lemma expectation_Pi_pmf_component:
  fixes h :: "'b \<Rightarrow> real"
  assumes "finite A" and "x \<in> A"
  shows "measure_pmf.expectation (Pi_pmf A dflt p) (\<lambda>y. h (y x)) = measure_pmf.expectation (p x) h"
proof -
  have "measure_pmf.expectation (Pi_pmf A dflt p) (\<lambda>y. h (y x)) =
        measure_pmf.expectation (map_pmf (\<lambda>y. y x) (Pi_pmf A dflt p)) h" by simp
  also have "map_pmf (\<lambda>y. y x) (Pi_pmf A dflt p) = p x" using assms by (simp add: Pi_pmf_component)
  finally show ?thesis .
qed

lemma expectation_Pi_pmf_mult_components:
  fixes g :: "'a \<Rightarrow> 'b \<Rightarrow> real"
  assumes fin: "finite A" and fin_set: "\<And>x. x \<in> A \<Longrightarrow> finite (set_pmf (p x))"
    and "x \<in> A" "z \<in> A" "x \<noteq> z"
  shows "measure_pmf.expectation (Pi_pmf A dflt p) (\<lambda>y. g x (y x) * g z (y z)) =
         measure_pmf.expectation (p x) (g x) * measure_pmf.expectation (p z) (g z)"
proof -
  let ?M = "Pi_pmf A dflt p"
  have fin_M: "finite (set_pmf ?M)" by (rule finite_set_Pi_pmf[OF fin fin_set])
  note prob_M = measure_pmf.prob_space_axioms[of ?M]
  have "prob_space.indep_vars ?M (\<lambda>_. count_space UNIV) (\<lambda>i f. f i) {x, z}"
    using assms by (intro prob_space.indep_vars_subset[OF prob_M indep_vars_Pi_pmf[OF fin]]) auto
  hence indep: "prob_space.indep_vars ?M (\<lambda>_. borel) (\<lambda>i f. g i (f i)) {x, z}"
    by (rule prob_space.indep_vars_compose2[OF prob_M]) auto
  have "measure_pmf.expectation ?M (\<lambda>y. \<Prod>i\<in>{x, z}. g i (y i)) =
        (\<Prod>i\<in>{x, z}. measure_pmf.expectation ?M (\<lambda>y. g i (y i)))"
    by (rule prob_space.indep_vars_lebesgue_integral[OF prob_M _ indep])
       (auto intro: integrable_measure_pmf_finite[OF fin_M])
  thus ?thesis using assms by (simp add: expectation_Pi_pmf_component)
qed

lemma expectation_Pi_pmf_sum_components:
  fixes g :: "'a \<Rightarrow> 'b \<Rightarrow> real"
  assumes fin: "finite A" and fin_set: "\<And>x. x \<in> A \<Longrightarrow> finite (set_pmf (p x))" and "S \<subseteq> A"
  shows "measure_pmf.expectation (Pi_pmf A dflt p) (\<lambda>y. \<Sum>x\<in>S. g x (y x)) =
         (\<Sum>x\<in>S. measure_pmf.expectation (p x) (g x))"
proof -
  have "finite (set_pmf (Pi_pmf A dflt p))" by (rule finite_set_Pi_pmf[OF fin fin_set])
  hence "measure_pmf.expectation (Pi_pmf A dflt p) (\<lambda>y. \<Sum>x\<in>S. g x (y x)) =
         (\<Sum>x\<in>S. measure_pmf.expectation (Pi_pmf A dflt p) (\<lambda>y. g x (y x)))"
    by (intro Bochner_Integration.integral_sum integrable_measure_pmf_finite)
  also have "\<dots> = (\<Sum>x\<in>S. measure_pmf.expectation (p x) (g x))"
    using assms by (intro sum.cong refl expectation_Pi_pmf_component) auto
  finally show ?thesis .
qed

lemma expectation_Pi_pmf_sum_square:
  fixes g :: "'a \<Rightarrow> 'b \<Rightarrow> real"
  assumes fin: "finite A" and fin_set: "\<And>x. x \<in> A \<Longrightarrow> finite (set_pmf (p x))" and S: "S \<subseteq> A"
    and centred: "\<And>x. x \<in> S \<Longrightarrow> measure_pmf.expectation (p x) (g x) = 0"
  shows "measure_pmf.expectation (Pi_pmf A dflt p) (\<lambda>y. (\<Sum>x\<in>S. g x (y x))\<^sup>2) =
         (\<Sum>x\<in>S. measure_pmf.expectation (p x) (\<lambda>v. (g x v)\<^sup>2))"
proof -
  let ?M = "Pi_pmf A dflt p"
  have fin_S: "finite S" using S fin by (rule finite_subset)
  have "finite (set_pmf ?M)" by (rule finite_set_Pi_pmf[OF fin fin_set])
  hence "measure_pmf.expectation ?M (\<lambda>y. (\<Sum>x\<in>S. g x (y x))\<^sup>2) =
         (\<Sum>x\<in>S. \<Sum>z\<in>S. measure_pmf.expectation ?M (\<lambda>y. g x (y x) * g z (y z)))"
    by (simp add: power2_eq_square sum_product Bochner_Integration.integral_sum
        integrable_measure_pmf_finite)
  also have "\<dots> = (\<Sum>x\<in>S. \<Sum>z\<in>S. if z = x then measure_pmf.expectation (p x) (\<lambda>v. (g x v)\<^sup>2) else 0)"
  proof (intro sum.cong refl)
    fix x z assume "x \<in> S" "z \<in> S"
    thus "measure_pmf.expectation ?M (\<lambda>y. g x (y x) * g z (y z)) =
          (if z = x then measure_pmf.expectation (p x) (\<lambda>v. (g x v)\<^sup>2) else 0)"
      using S centred expectation_Pi_pmf_mult_components[where x=x and z=z and g=g and dflt=dflt and p=p, OF fin fin_set]
        expectation_Pi_pmf_component[OF fin, where x=x and h="\<lambda>v. (g x v)\<^sup>2" and dflt=dflt and p=p]
      by (auto simp: power2_eq_square)
  qed
  also have "\<dots> = (\<Sum>x\<in>S. measure_pmf.expectation (p x) (\<lambda>v. (g x v)\<^sup>2))"
    using fin_S by (simp add: sum.delta)
  finally show ?thesis .
qed

subsection \<open>Accuracy of the reconstructed marginals\<close>

definition rr_mean :: "real \<Rightarrow> bool \<Rightarrow> real" where
  "rr_mean e b = (if b then rr_prob e else 1 - rr_prob e)"

lemma rr_mean_affine: "rr_mean e b = (2 * rr_prob e - 1) * of_bool b + (1 - rr_prob e)"
  unfolding rr_mean_def by simp

lemma expectation_bool_pmf:
  "measure_pmf.expectation (p :: bool pmf) f = f True * pmf p True + f False * pmf p False"
  by (subst integral_measure_pmf_real[of UNIV]) (auto simp: UNIV_bool)

lemma expectation_rand_resp_centred:
  "measure_pmf.expectation (rand_resp e b) (\<lambda>c. of_bool c - rr_mean e b) = 0"
  by (cases b) (simp_all add: expectation_bool_pmf pmf_rand_resp rr_mean_def algebra_simps)

lemma expectation_rand_resp_centred_square:
  "measure_pmf.expectation (rand_resp e b) (\<lambda>c. (of_bool c - rr_mean e b)\<^sup>2) =
   rr_prob e * (1 - rr_prob e)"
  by (cases b) (simp_all add: expectation_bool_pmf pmf_rand_resp rr_mean_def power2_eq_square
      algebra_simps)

lemma finite_set_inprs_local: "finite (set_pmf (inprs_local d eps v))"
  unfolding inprs_local_def by (rule finite_set_Pi_pmf) auto

lemma finite_set_inprs_reports: "finite (set_pmf (inprs_reports d eps N x))"
  unfolding inprs_reports_def by (intro finite_set_Pi_pmf finite_set_inprs_local) auto

lemma expectation_inprs_local_noise_square:
  assumes "S \<subseteq> Pow {..<d}"
  shows "measure_pmf.expectation (inprs_local d eps v)
           (\<lambda>r. (\<Sum>l\<in>S. of_bool (r l) - rr_mean (eps / 2) (l = v))\<^sup>2) =
         card S * (rr_prob (eps / 2) * (1 - rr_prob (eps / 2)))"
  unfolding inprs_local_def
  using assms by (subst expectation_Pi_pmf_sum_square)
    (simp_all add: expectation_rand_resp_centred expectation_rand_resp_centred_square)

lemma expectation_inprs_reports_noise_square:
  assumes "S \<subseteq> Pow {..<d}"
  shows "measure_pmf.expectation (inprs_reports d eps N x)
           (\<lambda>R. (\<Sum>i<N. \<Sum>l\<in>S. of_bool (R i l) - rr_mean (eps / 2) (l = x i))\<^sup>2) =
         N * card S * (rr_prob (eps / 2) * (1 - rr_prob (eps / 2)))"
proof -
  have centred: "measure_pmf.expectation (inprs_local d eps v)
      (\<lambda>r. \<Sum>l\<in>S. of_bool (r l) - rr_mean (eps / 2) (l = v)) = 0" for v
    unfolding inprs_local_def
    using assms by (subst expectation_Pi_pmf_sum_components) (simp_all add: expectation_rand_resp_centred)
  show ?thesis
    unfolding inprs_reports_def
    using assms by (subst expectation_Pi_pmf_sum_square)
      (simp_all add: finite_set_inprs_local centred expectation_inprs_local_noise_square)
qed

lemma inprs_recon_minus_full_dist:
  assumes "1 \<le> N" and "0 < eps"
  shows "inprs_recon eps N R l - full_dist N x l =
         (\<Sum>i<N. of_bool (R i l) - rr_mean (eps / 2) (l = x i)) / (N * (2 * rr_prob (eps / 2) - 1))"
proof -
  define q where "q = rr_prob (eps / 2)"
  define a where "a = (\<Sum>i<N. of_bool (R i l) :: real)"
  define c where "c = (\<Sum>i<N. of_bool (l = x i) :: real)"
  have "{i. i < N \<and> R i l} = {..<N} \<inter> {i. R i l}" by auto
  hence card_R: "real (card {i. i < N \<and> R i l}) = a" unfolding a_def by simp
  have "{i. i < N \<and> x i = l} = {..<N} \<inter> {i. l = x i}" by auto
  hence card_x: "real (card {i. i < N \<and> x i = l}) = c" unfolding c_def by simp
  have noise: "(\<Sum>i<N. of_bool (R i l) - rr_mean (eps / 2) (l = x i)) = a - ((2 * q - 1) * c + N * (1 - q))"
    unfolding a_def c_def rr_mean_affine q_def by (simp add: sum_subtractf sum.distrib sum_distrib_left)
  have "2 * q - 1 \<noteq> 0" "real N \<noteq> 0"
    using rr_prob_gt_half[of "eps / 2"] assms unfolding q_def by auto
  thus ?thesis
    unfolding inprs_recon_def full_dist_def Let_def q_def[symmetric] card_R card_x noise
    by (simp add: field_simps)
qed

lemma marginal_error_eq:
  assumes "1 \<le> N" and "0 < eps"
  shows "marginal d beta (full_dist N x) gamma - marginal d beta (inprs_recon eps N R) gamma =
         - (\<Sum>i<N. \<Sum>l\<in>{eta \<in> Pow {..<d}. eta \<inter> beta = gamma}.
              of_bool (R i l) - rr_mean (eps / 2) (l = x i)) / (N * (2 * rr_prob (eps / 2) - 1))"
proof -
  define S where "S = {eta \<in> Pow {..<d}. eta \<inter> beta = gamma}"
  define K where "K = real N * (2 * rr_prob (eps / 2) - 1)"
  have "marginal d beta (full_dist N x) gamma - marginal d beta (inprs_recon eps N R) gamma =
        - (\<Sum>l\<in>S. inprs_recon eps N R l - full_dist N x l)"
    unfolding marginal_def S_def[symmetric] by (simp add: sum_subtractf)
  also have "\<dots> = - (\<Sum>l\<in>S. (\<Sum>i<N. of_bool (R i l) - rr_mean (eps / 2) (l = x i)) / K)"
    unfolding K_def by (simp add: inprs_recon_minus_full_dist[OF assms])
  also have "\<dots> = - (\<Sum>i<N. \<Sum>l\<in>S. of_bool (R i l) - rr_mean (eps / 2) (l = x i)) / K"
    by (simp add: sum_divide_distrib[symmetric] sum.swap[of _ S])
  finally show ?thesis unfolding S_def K_def .
qed

lemma card_marginal_cell_le:
  assumes "finite U" and "beta \<subseteq> U"
  shows "card {eta \<in> Pow U. eta \<inter> beta = gamma} \<le> 2 ^ (card U - card beta)"
proof -
  have "inj_on (\<lambda>eta. eta - beta) {eta \<in> Pow U. eta \<inter> beta = gamma}"
  proof (rule inj_onI)
    fix a b assume "a \<in> {eta \<in> Pow U. eta \<inter> beta = gamma}" "b \<in> {eta \<in> Pow U. eta \<inter> beta = gamma}"
      and "a - beta = b - beta"
    hence "(a - beta) \<union> (a \<inter> beta) = (b - beta) \<union> (b \<inter> beta)" by auto
    thus "a = b" by auto
  qed
  hence "card {eta \<in> Pow U. eta \<inter> beta = gamma} \<le> card (Pow (U - beta))"
    using assms(1) by (intro card_inj_on_le) auto
  also have "\<dots> = 2 ^ (card U - card beta)"
    using assms by (simp add: card_Pow card_Diff_subset finite_subset)
  finally show ?thesis .
qed

lemma rr_prob_variance_le:
  assumes "0 < eps" and "eps < 2"
  shows "eps\<^sup>2 * (rr_prob (eps / 2) * (1 - rr_prob (eps / 2))) \<le> 16 * (2 * rr_prob (eps / 2) - 1)\<^sup>2"
proof -
  define y where "y = exp (eps / 2)"
  have y0: "0 < y" unfolding y_def by simp
  have y1: "eps / 2 \<le> y - 1" unfolding y_def using exp_ge_add_one_self[of "eps / 2"] by linarith
  have "y \<le> exp 1" unfolding y_def using assms by simp
  also have "exp 1 \<le> (4::real)" using exp_le by simp
  finally have y4: "y \<le> 4" .
  have q: "rr_prob (eps / 2) = y / (1 + y)" unfolding rr_prob_def y_def ..
  have "eps\<^sup>2 * y \<le> eps\<^sup>2 * 4" using y4 by (intro mult_left_mono) auto
  also have "\<dots> = 16 * (eps / 2)\<^sup>2" by (simp add: power2_eq_square)
  also have "\<dots> \<le> 16 * (y - 1)\<^sup>2" using y1 assms by (intro mult_left_mono power_mono) auto
  finally have "eps\<^sup>2 * y / (1 + y)\<^sup>2 \<le> 16 * (y - 1)\<^sup>2 / (1 + y)\<^sup>2"
    using y0 by (intro divide_right_mono) auto
  thus ?thesis unfolding q using y0 by (simp add: field_simps power2_eq_square)
qed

- [WHAT NEEDS TO BE DONE]:
Restate verbatim all lines from the start of the data through the line containing "measure_pmf.expectation (p x) (g x) *", with both ends kept.

- [SOLUTION FOR THIS EXERCISE]:
lemma expectation_Pi_pmf_component:
  fixes h :: "'b \<Rightarrow> real"
  assumes "finite A" and "x \<in> A"
  shows "measure_pmf.expectation (Pi_pmf A dflt p) (\<lambda>y. h (y x)) = measure_pmf.expectation (p x) h"
proof -
  have "measure_pmf.expectation (Pi_pmf A dflt p) (\<lambda>y. h (y x)) =
        measure_pmf.expectation (map_pmf (\<lambda>y. y x) (Pi_pmf A dflt p)) h" by simp
  also have "map_pmf (\<lambda>y. y x) (Pi_pmf A dflt p) = p x" using assms by (simp add: Pi_pmf_component)
  finally show ?thesis .
qed

lemma expectation_Pi_pmf_mult_components:
  fixes g :: "'a \<Rightarrow> 'b \<Rightarrow> real"
  assumes fin: "finite A" and fin_set: "\<And>x. x \<in> A \<Longrightarrow> finite (set_pmf (p x))"
    and "x \<in> A" "z \<in> A" "x \<noteq> z"
  shows "measure_pmf.expectation (Pi_pmf A dflt p) (\<lambda>y. g x (y x) * g z (y z)) =
         measure_pmf.expectation (p x) (g x) * measure_pmf.expectation (p z) (g z)"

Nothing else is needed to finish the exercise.